Voxel-based morphometry (VBM) is a fully automated, whole-brain measurement technique that maps the statistical probability of differences in regional tissue volumes or densities between groups (Yu et al., 2008). Gray matter volume (GMV) is a marker of brain atrophy and a potential marker of cognitive function, based on VBM. GMV has been used to analyze differences in brain structure among different groups, in many diseases, including PD (Ashburner and Friston, 2000; Uchida et al., 2019).

Karakis et al. (2016) showed that low 25-hydroxyvitamin D levels were associated with smaller hippocampal volumes and worse neuropsychological functions in a large community-based sample. In our previous study, serum vitamin D levels in PD patients were significantly lower than those in controls. Further, vitamin D was found to have a protective effect on the cognitive functions of PD with non-dementia (PDND) patients (Karakis et al., 2016). Previous studies mostly focused on the relationship between vitamin D and brain volume in Alzheimer disease (AD) and schizophrenia patients (Lee et al., 2021; Shivakumar et al., 2015). The identification in PD patients has received little attention. Therefore, our objective was to investigate the prospective correlations between serum vitamin D levels, cerebral GMV, and cognitive functions in PDND patients.
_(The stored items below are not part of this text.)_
lemma TF_indicator_AE_eq_1_iff:
  "(AE x in lebesgue. 0 \<le> x \<longrightarrow> TF F (indicator {0..}) x = 1) \<longleftrightarrow> (\<forall>w\<ge>0. margin F w = w)"
proof -
  have ind: "set_borel_measurable lebesgue {0..} (indicator {0..} :: real \<Rightarrow> real)"
    unfolding set_borel_measurable_def by (intro borel_measurable_scaleR borel_measurable_indicator) auto
  have TF_eq: "TF F (indicator {0..}) x = deriv (margin F) x" if "0 < x" for x
    using TF_eq_deriv_TF_primitive[OF ind that] by (simp add: TF_primitive_indicator)
  have AE_pos: "AE x in lebesgue. 0 \<le> x \<longrightarrow> 0 < (x::real)"
    using AE_lebesgue_real_neq[of 0] by (rule eventually_mono) auto
  show ?thesis
  proof
    assume "AE x in lebesgue. 0 \<le> x \<longrightarrow> TF F (indicator {0..}) x = 1"
    then have deriv_1: "AE x in lebesgue. 0 \<le> x \<longrightarrow> deriv (margin F) x = 1"
      using AE_pos by eventually_elim (auto simp: TF_eq)
    show "\<forall>w\<ge>0. margin F w = w"
    proof (intro allI impI)
      fix w :: real assume "0 \<le> w"
      have "margin F w = margin F w - margin F 0" by (simp add: margin_eq_0[OF F])
      also have "\<dots> = (LINT x:{0..w}|lebesgue. deriv (margin F) x)"
        using set_integral_deriv_mono_lipschitz(2)[OF mono_margin[OF F] _ \<open>0 \<le> w\<close>, of 1]
          margin_lipschitz[OF F] by simp
      also have "\<dots> = (LINT x:{0..w}|lebesgue. 1)"
        using deriv_1 borel_measurable_deriv_mono[OF mono_margin[OF F]]
        by (intro set_lebesgue_integral_cong_AE) (auto elim!: eventually_mono)
      also have "\<dots> = w" using \<open>0 \<le> w\<close> by (simp add: set_integral_const)
      finally show "margin F w = w" .
    qed
  next
    assume id: "\<forall>w\<ge>0. margin F w = w"
    have "TF F (indicator {0..}) x = 1" if "0 < x" for x
    proof -
      have "\<forall>\<^sub>F y in nhds x. margin F y = y"
        using eventually_nhds_in_open[of "{0<..}" x] that id by (auto elim!: eventually_mono)
      then have "deriv (margin F) x = deriv (\<lambda>y. y) x" by (rule deriv_cong_ev) simp
      then show ?thesis using TF_eq[OF that] by simp
    qed
    then show "AE x in lebesgue. 0 \<le> x \<longrightarrow> TF F (indicator {0..}) x = 1"
      using AE_pos by (auto elim!: eventually_mono)
  qed
qed

end

lemma strict_subdist_transpose: "strict_subdist (\<lambda>x y. F y x) \<longleftrightarrow> strict_subdist F"
  unfolding strict_subdist_def by auto

lemma markov_op_TF:
  assumes F: "subdistribution F" and strict: "strict_subdist F"
  shows "markov_op (TF F)"
proof -
  have "\<forall>w\<ge>0. ((\<lambda>t. F w t) \<longlongrightarrow> w) at_top" "\<forall>w\<ge>0. ((\<lambda>t. F t w) \<longlongrightarrow> w) at_top"
    using strict unfolding strict_subdist_def by auto
  then show ?thesis
    unfolding markov_op_def
    using TF_indicator_AE_eq_1_iff[OF F] margin_eq_id_iff[OF F] set_integral_TF[OF F] by blast
qed

lemma margin_tendsto_if_markov_op_TF:
  assumes F: "subdistribution F" and "markov_op (TF F)"
  shows "\<forall>w\<ge>0. ((\<lambda>t. F w t) \<longlongrightarrow> w) at_top"
  using assms(2) TF_indicator_AE_eq_1_iff[OF F] margin_eq_id_iff[OF F] unfolding markov_op_def by blast

theorem mainTheorem19:
  fixes F :: "real \<Rightarrow> real \<Rightarrow> real"
  assumes "subdistribution F"
  shows "strict_subdist F \<longleftrightarrow> markov_op (TF F) \<and> markov_op (TF (\<lambda>x y. F y x))"
proof
  assume "strict_subdist F"
  then show "markov_op (TF F) \<and> markov_op (TF (\<lambda>x y. F y x))"
    using markov_op_TF assms subdistribution_transpose[OF assms] strict_subdist_transpose by auto
next
  assume "markov_op (TF F) \<and> markov_op (TF (\<lambda>x y. F y x))"
  then show "strict_subdist F"
    using margin_tendsto_if_markov_op_TF[OF assms] margin_tendsto_if_markov_op_TF[OF subdistribution_transpose[OF assms]]
    unfolding strict_subdist_def by auto
qed

end
lemma repl_meta_by_fill:
  assumes "repl_meta A (fill X (Meta w (D1 @ S @ D2))) M M'"
  obtains (plug) Y e D1' D2' where "M' = fill Y (Meta (e + w) (D1' @ S @ D2'))"
    "\<And>S0 w0. repl_meta A (fill X (Meta w0 (D1 @ S0 @ D2))) M (fill Y (Meta (e + w0) (D1' @ S0 @ D2')))"
proof -
  obtain \<xi> \<Pi> where N: "fill X (Meta w (D1 @ S @ D2)) = Meta \<xi> \<Pi>"
    by (cases "fill X (Meta w (D1 @ S @ D2))")
  with assms obtain Xc zc Gc1 Gc2 where
    M: "M = fill Xc (Meta zc (Gc1 @ [TF A] @ Gc2))" and M': "M' = fill Xc (Meta (\<xi> + zc) (Gc1 @ \<Pi> @ Gc2))"
    by (auto simp: repl_meta_iff_fill)
  obtain Y e D1' D2' where splice: "\<And>w L \<xi> \<Pi>. Meta \<xi> \<Pi> = fill X (Meta w L) \<Longrightarrow>
      fill Xc (Meta (\<xi> + zc) (Gc1 @ \<Pi> @ Gc2)) = fill Y (Meta (e + w) (D1' @ L @ D2'))"
    using fill_Meta_splice[of X Xc zc Gc1 Gc2] by blast
  show thesis
  proof (rule that[of Y e "D1' @ D1" "D2 @ D2'"])
    show "M' = fill Y (Meta (e + w) ((D1' @ D1) @ S @ D2 @ D2'))"
      using splice[OF N[symmetric]] M' by simp
    show "repl_meta A (fill X (Meta w0 (D1 @ S0 @ D2))) M (fill Y (Meta (e + w0) ((D1' @ D1) @ S0 @ D2 @ D2')))"
      for S0 w0
    proof -
      obtain \<xi>0 \<Pi>0 where N0: "fill X (Meta w0 (D1 @ S0 @ D2)) = Meta \<xi>0 \<Pi>0"
        by (cases "fill X (Meta w0 (D1 @ S0 @ D2))")
      show ?thesis
        unfolding N0 repl_meta_iff_fill using M splice[OF N0[symmetric]]
        by (intro exI[of _ Xc] exI[of _ zc] exI[of _ Gc1] exI[of _ Gc2]) simp
    qed
  qed
qed

definition cut_from :: "meta \<Rightarrow> fm \<Rightarrow> bool" where
  "cut_from N A \<longleftrightarrow> (\<forall>M M' C. deriv M C \<longrightarrow> repl_meta A N M M' \<longrightarrow> deriv M' C)"

lemma cut_fromD:
  assumes "cut_from (Meta \<xi> \<Pi>) A" "deriv (fill X (Meta z (G1 @ [TF A] @ G2))) C"
  shows "deriv (fill X (Meta (\<xi> + z) (G1 @ \<Pi> @ G2))) C"
  using assms repl_meta_iff_fill[of A \<xi> \<Pi>] unfolding cut_from_def by blast

section \<open>Substitution in stoups\<close>

definition stoup_subst :: "fm \<Rightarrow> fm multiset \<Rightarrow> fm multiset \<Rightarrow> fm multiset \<Rightarrow> bool" where
  "stoup_subst B \<xi> z z' \<longleftrightarrow> (\<exists>k r. z = r + replicate_mset k B \<and> z' = r + repeat_mset k \<xi>)"

lemma replicate_mset_add: "replicate_mset (m + n) x = replicate_mset m x + replicate_mset n x"
  by (induction m) auto

lemma stoup_subst_refl: "stoup_subst B \<xi> z z"
  unfolding stoup_subst_def by (rule exI[of _ 0]) auto

lemma stoup_subst_here: "stoup_subst B \<xi> {#B#} \<xi>"
  unfolding stoup_subst_def by (rule exI[of _ 1]) auto

lemma stoup_subst_add:
  assumes "stoup_subst B \<xi> a a'" "stoup_subst B \<xi> b b'"
  shows "stoup_subst B \<xi> (a + b) (a' + b')"
proof -
  from assms obtain k r l s where
    "a = r + replicate_mset k B" "a' = r + repeat_mset k \<xi>"
    "b = s + replicate_mset l B" "b' = s + repeat_mset l \<xi>"
    unfolding stoup_subst_def by blast
  then show ?thesis
    unfolding stoup_subst_def
    by (intro exI[of _ "k + l"] exI[of _ "r + s"]) (simp add: replicate_mset_add repeat_mset_distrib ac_simps)
qed

lemma stoup_subst_split:
  assumes "stoup_subst B \<xi> (a + b) w"
  obtains a' b' where "w = a' + b'" "stoup_subst B \<xi> a a'" "stoup_subst B \<xi> b b'"
proof -
  from assms obtain k r where h: "a + b = r + replicate_mset k B" "w = r + repeat_mset k \<xi>"
    unfolding stoup_subst_def by blast
  define ka where "ka = min (count a B) k"
  define kb where "kb = k - ka"
  have "count a B + count b B = count r B + k"
    using arg_cong[OF h(1), of "\<lambda>m. count m B"] by simp
  then have "kb \<le> count b B" "ka \<le> count a B" "k = ka + kb"
    unfolding kb_def ka_def by auto
  then have a: "a = (a - replicate_mset ka B) + replicate_mset ka B"
    and b: "b = (b - replicate_mset kb B) + replicate_mset kb B"
    and k: "replicate_mset k B = replicate_mset ka B + replicate_mset kb B"
    by (simp_all add: count_le_replicate_mset_subset_eq replicate_mset_add)
  define a0 where "a0 = a - replicate_mset ka B"
  define b0 where "b0 = b - replicate_mset kb B"
  have "a0 + b0 + replicate_mset k B = r + replicate_mset k B"
    using h(1) a b k unfolding a0_def b0_def by (simp add: ac_simps)
  then have "w = (a0 + repeat_mset ka \<xi>) + (b0 + repeat_mset kb \<xi>)"
    using h(2) \<open>k = ka + kb\<close> by (simp add: repeat_mset_distrib ac_simps)
  moreover have "stoup_subst B \<xi> a (a0 + repeat_mset ka \<xi>)" "stoup_subst B \<xi> b (b0 + repeat_mset kb \<xi>)"
    unfolding stoup_subst_def a0_def b0_def using a b by blast+
  ultimately show thesis by (rule that)
qed
section \<open>Keith--Nath diagrams and their diagonal hooks\<close>

lemma sum_card_less_eq_choose_two:
  fixes A :: "'a::linorder set"
  assumes "finite A"
  shows "(\<Sum>g\<in>A. card {p\<in>A. p < g}) = card A choose 2"
  using assms
proof (induction A rule: finite_linorder_max_induct)
  case empty
  then show ?case by simp
next
  case (insert b A)
  have "{p \<in> insert b A. p < b} = A"
    using insert.hyps(2) by auto
  moreover have "{p \<in> insert b A. p < g} = {p \<in> A. p < g}" if "g \<in> A" for g
    using that insert.hyps(2) by auto
  moreover have "b \<notin> A"
    using insert.hyps(2) by blast
  ultimately have "(\<Sum>g\<in>insert b A. card {p \<in> insert b A. p < g})
      = card A + (card A choose 2)"
    using insert by simp
  also have "\<dots> = card (insert b A) choose 2"
    using insert.hyps(1) \<open>b \<notin> A\<close> by (simp add: numeral_2_eq_2)
  finally show ?case .
qed

lemma KN_eq_Sigma:
  "KN S = Sigma {1..length (gaps_desc S)} (\<lambda>i. {1..card {s \<in> S. s < gaps_desc S ! (i - 1)}})"
  unfolding KN_def by auto

lemma finite_KN: "finite (KN S)"
  unfolding KN_eq_Sigma by simp

lemma sorted_wrt_gaps_desc: "sorted_wrt (\<ge>) (gaps_desc S)"
  unfolding gaps_desc_def sorted_wrt_rev by simp

lemma KN_min_diagonal:
  assumes "(i, j) \<in> KN S"
  shows "(min i j, min i j) \<in> KN S"
proof (cases "i \<le> j")
  case True
  then show ?thesis using assms unfolding KN_def by auto
next
  case False
  let ?gs = "gaps_desc S"
  have "i \<le> length ?gs" "1 \<le> j" using assms unfolding KN_def by auto
  then have "?gs ! (i - 1) \<le> ?gs ! (j - 1)"
    using False sorted_wrt_gaps_desc[of S] by (intro sorted_wrt_nth_less[where P="(\<ge>)"]) auto
  then have "card {s \<in> S. s < ?gs ! (i - 1)} \<le> card {s \<in> S. s < ?gs ! (j - 1)}"
    by (intro card_mono) auto
  then show ?thesis using False assms unfolding KN_def by auto
qed

lemma card_KN:
  assumes "finite (UNIV - S)"
  shows "card (KN S) = (\<Sum>g\<in>UNIV - S. card {s \<in> S. s < g})"
proof -
  let ?gs = "gaps_desc S" and ?row = "\<lambda>g. card {s \<in> S. s < g}"
  have "card (KN S) = (\<Sum>i=1..length ?gs. ?row (?gs ! (i - 1)))"
    unfolding KN_eq_Sigma by simp
  also have "\<dots> = (\<Sum>i<length ?gs. ?row (?gs ! i))"
    by (rule sum.reindex_bij_witness[where i="\<lambda>i. i + 1" and j="\<lambda>i. i - 1"]) auto
  also have "\<dots> = sum_list (map ?row ?gs)"
    by (simp add: sum_list_sum_nth atLeast0LessThan)
  also have "\<dots> = (\<Sum>g\<in>UNIV - S. ?row g)"
    using assms by (simp add: gaps_desc_def rev_map[symmetric] sum_list_distinct_conv_sum_set)
  finally show ?thesis .
qed

lemma card_KN_S_of:
  assumes "finite lam"
  shows "card (KN (S_of lam)) = \<Sum>lam - (card lam choose 2)"
proof -
  have card_gaps_below: "card {s \<in> S_of lam. s < g} = g - card {p \<in> lam. p < g}" for g
  proof -
    have "{s \<in> S_of lam. s < g} = {..<g} - {p \<in> lam. p < g}"
      unfolding S_of_def by auto
    then show ?thesis by (simp add: card_Diff_subset subset_eq)
  qed
  have parts_below: "card {p \<in> lam. p < g} \<le> g" for g
    using card_mono[of "{..<g}" "{p \<in> lam. p < g}"] by auto
  have "UNIV - S_of lam = lam"
    unfolding S_of_def by auto
  then have "card (KN (S_of lam)) = (\<Sum>g\<in>lam. g - card {p \<in> lam. p < g})"
    using assms by (simp add: card_KN card_gaps_below)
  also have "\<dots> = \<Sum>lam - (\<Sum>g\<in>lam. card {p \<in> lam. p < g})"
    using parts_below by (simp add: sum_subtractf_nat)
  finally show ?thesis
    using assms by (simp add: sum_card_less_eq_choose_two)
qed

lemma sum_hook_length_main_diagonal:
  assumes "finite D"
    and diagonal_closed: "\<And>i j. (i, j) \<in> D \<Longrightarrow> (min i j, min i j) \<in> D"
  shows "(\<Sum>c\<in>main_diagonal D. hook_length D c) = card D"
proof -
  \<comment> \<open>the cell (i, j) lies in the hook of the diagonal cell (min i j, min i j)\<close>
  define diag where "diag c = (min (fst c) (snd c), min (fst c) (snd c))" for c :: "nat \<times> nat"
  have card_hook: "card {c \<in> D. diag c = (m, m)} = hook_length D (m, m)"
    if "(m, m) \<in> D" for m
  proof -
    define arm where "arm = Pair m ` {j. m < j \<and> (m, j) \<in> D}"
    define leg where "leg = (\<lambda>i. (i, m)) ` {i. m < i \<and> (i, m) \<in> D}"
    have "{c \<in> D. diag c = (m, m)} = insert (m, m) (arm \<union> leg)"
      using that unfolding arm_def leg_def diag_def by (auto simp: min_def split: if_splits)
    moreover have "finite arm" "finite leg" "arm \<inter> leg = {}" "(m, m) \<notin> arm \<union> leg"
      using \<open>finite D\<close> unfolding arm_def leg_def
      by (auto intro: finite_subset[OF _ \<open>finite D\<close>])
    moreover have "card arm = card {j. m < j \<and> (m, j) \<in> D}"
      unfolding arm_def by (simp add: card_image inj_on_def)
    moreover have "card leg = card {i. m < i \<and> (i, m) \<in> D}"
      unfolding leg_def by (simp add: card_image inj_on_def)
    ultimately show ?thesis
      unfolding hook_length_def by (simp add: card_Un_disjoint)
  qed
  have "diag ` D \<subseteq> main_diagonal D"
    using diagonal_closed unfolding diag_def main_diagonal_def by auto
  moreover have "finite (main_diagonal D)"
    using \<open>finite D\<close> unfolding main_diagonal_def by simp
  ultimately have "card D = (\<Sum>c\<in>main_diagonal D. card {x \<in> D. diag x = c})"
    using sum.group[OF \<open>finite D\<close>, of "main_diagonal D" diag "\<lambda>_. 1::nat"] by simp
  also have "\<dots> = (\<Sum>c\<in>main_diagonal D. hook_length D c)"
    by (rule sum.cong) (auto simp: main_diagonal_def card_hook)
  finally show ?thesis by simp
qed
lemma measurable_node_increment[measurable]:
  "bounded_measurable \<Psi> B \<Longrightarrow> node_increment \<Psi> i \<in> borel_measurable M"
  unfolding node_increment_def by (rule measurable_X_triple[OF measurable_increment(1)])

lemma bounded_real_node_increment: "bounded_measurable \<Psi> B \<Longrightarrow> bounded_real (node_increment \<Psi> i)"
  unfolding node_increment_def bounded_real_def using abs_increment_le by blast

lemma integral_times_node_increment:
  assumes \<Psi>: "bounded_measurable \<Psi> B" and i: "i \<in> Gen l"
    and Z: "Z \<in> borel_measurable (tree_sigma M X l)" "\<And>\<omega>. \<bar>Z \<omega>\<bar> \<le> BZ"
  shows "(\<integral>\<omega>. Z \<omega> * node_increment \<Psi> i \<omega> \<partial>M) = 0"
  using bmc_integral_single[OF i measurable_increment(1)[OF \<Psi>] abs_increment_le[OF \<Psi>] Z]
  by (simp add: node_increment_def Pop_increment[OF \<Psi>])
(* Let $d\ge1$, $\sigma>0$, and let $A_0,A_1\in\mathbb{R}^{d\times d}$ be constant matrices. Let $G:[0,\infty)\to\mathbb{R}^{d\times d}$ be continuous with $A_1G(\vartheta)=G(\vartheta)A_1$ for all $\vartheta\ge0$, and let $\Psi:[-\sigma,0]\to\mathbb{R}^{d\times d}$ be differentiable with $A_1\Psi(\vartheta)=\Psi(\vartheta)A_1$ for all $\vartheta\in[-\sigma,0]$. Let $G^*(\vartheta)=G(0)$ for $\vartheta\in[-\sigma,0)$ and $G^*(\vartheta)=G(\vartheta)$ for $\vartheta\ge0$, and let $Z$ be the function defined in the context. Then the solution of \[ \dot X(\vartheta)=A_0X(\vartheta-\sigma)+X(\vartheta-\sigma)A_1+G(\vartheta),\ \ \vartheta\ge0,\qquad X(\vartheta)=\Psi(\vartheta),\ \ \vartheta\in[-\sigma,0], \] is given by \[ X(\vartheta)=Z(\vartheta)\Psi(-\sigma)+\int_{-\sigma}^{0}Z(\vartheta-\sigma-s)\dot\Psi(s)\,ds+\int_0^{\vartheta}Z(\vartheta-\sigma-s)G^*(s)\,ds,\qquad\vartheta\in[-\sigma,\infty). \]
   Context: $\Theta$ and $I$ denote the $d\times d$ zero and identity matrices. Define matrices $Q_{r+1}(r\sigma)$, $r=0,1,2,\dots$, recursively by $Q_1(0)=I$ and $Q_{r+1}(r\sigma)=A_0Q_r((r-1)\sigma)+Q_r((r-1)\sigma)A_1$ for $r\ge 1$. Define $Z:\mathbb{R}\to\mathbb{R}^{d\times d}$ by $Z(\vartheta)=\Theta$ for $\vartheta<-\sigma$, and, for each integer $u\ge 0$ and $\vartheta\in[(u-1)\sigma,u\sigma)$, \[ Z(\vartheta)=\sum_{r=0}^{u}Q_{r+1}(r\sigma)\frac{(\vartheta-(r-1)\sigma)^r}{r!}. \] *)

theory Defs
  imports "HOL-Analysis.Analysis"
begin

text \<open>d x d real matrices are rendered as real^'d^'d (d = CARD('d) >= 1).
  Qmat A0 A1 r is the matrix Q_{r+1}(r sigma) of the paper:
  Q_1(0) = I, Q_{r+1}(r sigma) = A0 Q_r((r-1) sigma) + Q_r((r-1) sigma) A1.\<close>

fun Qmat :: "real^'d^'d \<Rightarrow> real^'d^'d \<Rightarrow> nat \<Rightarrow> real^'d^'d" where
  "Qmat A0 A1 0 = mat 1"
| "Qmat A0 A1 (Suc r) = A0 ** Qmat A0 A1 r + Qmat A0 A1 r ** A1"

text \<open>Z(theta) = 0 for theta < -sigma; for theta in [(u-1) sigma, u sigma), u >= 0,
  Z(theta) = sum_{r=0}^u Q_{r+1}(r sigma) (theta - (r-1) sigma)^r / r!.
  The index u is floor(theta/sigma) + 1.\<close>

definition Zmat :: "real^'d^'d \<Rightarrow> real^'d^'d \<Rightarrow> real \<Rightarrow> real \<Rightarrow> real^'d^'d" where
  "Zmat A0 A1 \<sigma> t =
     (if t < - \<sigma> then 0
      else (\<Sum>r = 0..nat (\<lfloor>t / \<sigma>\<rfloor> + 1).
              ((t - (real r - 1) * \<sigma>) ^ r / fact r) *\<^sub>R Qmat A0 A1 r))"

definition dde_solution ::
  "real^'d^'d \<Rightarrow> real^'d^'d \<Rightarrow> real \<Rightarrow> (real \<Rightarrow> real^'d^'d) \<Rightarrow> (real \<Rightarrow> real^'d^'d)
    \<Rightarrow> (real \<Rightarrow> real^'d^'d) \<Rightarrow> bool" where
  "dde_solution A0 A1 \<sigma> G \<Psi> X \<longleftrightarrow>
     (\<forall>t\<in>{-\<sigma>..0}. X t = \<Psi> t) \<and>
     (\<forall>t\<ge>0. (X has_vector_derivative
                   (A0 ** X (t - \<sigma>) + X (t - \<sigma>) ** A1 + G t)) (at t within {0..}))"

end

theory Submission
  imports Defs
begin

text \<open>The function \<open>Z\<close> is built from the truncated powers \<open>(x)\<^sub>+\<^sup>r / r!\<close>, so that on matrices commuting
  with \<open>A\<^sub>1\<close>, such as the data \<open>\<Psi>\<close>, \<open>\<Psi>'\<close> and \<open>G\<close>, it acts as the operator kernel
  \<open>K(y) = \<Sum>\<^sub>r (y - (r - 1) \<sigma>)\<^sub>+\<^sup>r / r! L\<^sup>r\<close> with \<open>L M = A\<^sub>0 M + M A\<^sub>1\<close>. This kernel vanishes below \<open>-\<sigma>\<close>,
  is the identity at \<open>-\<sigma>\<close> and satisfies \<open>K'(y) = K(y - \<sigma>) L\<close> away from the grid points. Hence for
  any solution \<open>X\<close> the derivative of \<open>s \<mapsto> K(t - \<sigma> - s) X(s)\<close> is \<open>K(t - \<sigma> - s)\<close> applied to the
  forcing term plus two delayed terms which cancel after the substitution \<open>s \<mapsto> s + \<sigma>\<close>; integrating
  over \<open>[-\<sigma>, t]\<close> gives the formula. Conversely, a solution exists by the method of steps, and
  since the formula determines it on \<open>[-\<sigma>, \<infinity>)\<close>, every function satisfying the formula is one.\<close>

lemma bounded_linear_funpow:
  fixes L :: "'a::real_normed_vector \<Rightarrow> 'a"
  assumes "bounded_linear L"
  shows "bounded_linear (L ^^ r)"
proof (induction r)
  case 0
  show ?case
    by (simp add: id_def bounded_linear_ident)
next
  case (Suc r)
  then show ?case
    by (simp add: bounded_linear_compose[OF assms])
qed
2 Materials and methods 2.1 Participants

Eligible patients were recruited between January 2016 and March 2018 from the neurology clinic and the inpatient department of the Second Affiliated Hospital of Soochow University. All PDND patients were diagnosed according to the United Kingdom Parkinson’s Disease Society Brain Bank clinical diagnostic criteria and the PDD diagnostic criteria, established by the International Movement Disorders Association, in Emre et al. (2007). The diagnosis of PDD needs to meet the following core features: (1) Diagnosis of Parkinson’s disease according to Queen Square Brain Bank criteria. (2) A dementia syndrome with insidious onset and slow progression, developing within the context of established Parkinson’s disease and diagnosed by history, clinical, and mental examination, defined as: (1) Impairment in more than one cognitive domain; (2) Representing a decline from premorbid level; (3) Deficits severe enough to impair daily life (social, occupational, or personal care), independent of the impairment ascribable to motor or autonomic symptoms (Emre et al., 2007). The patients were divided into PDND group, if they cannot meet the criteria. For comparison, 24 sex-and age-matched healthy volunteers with similar levels of education were recruited as a control group.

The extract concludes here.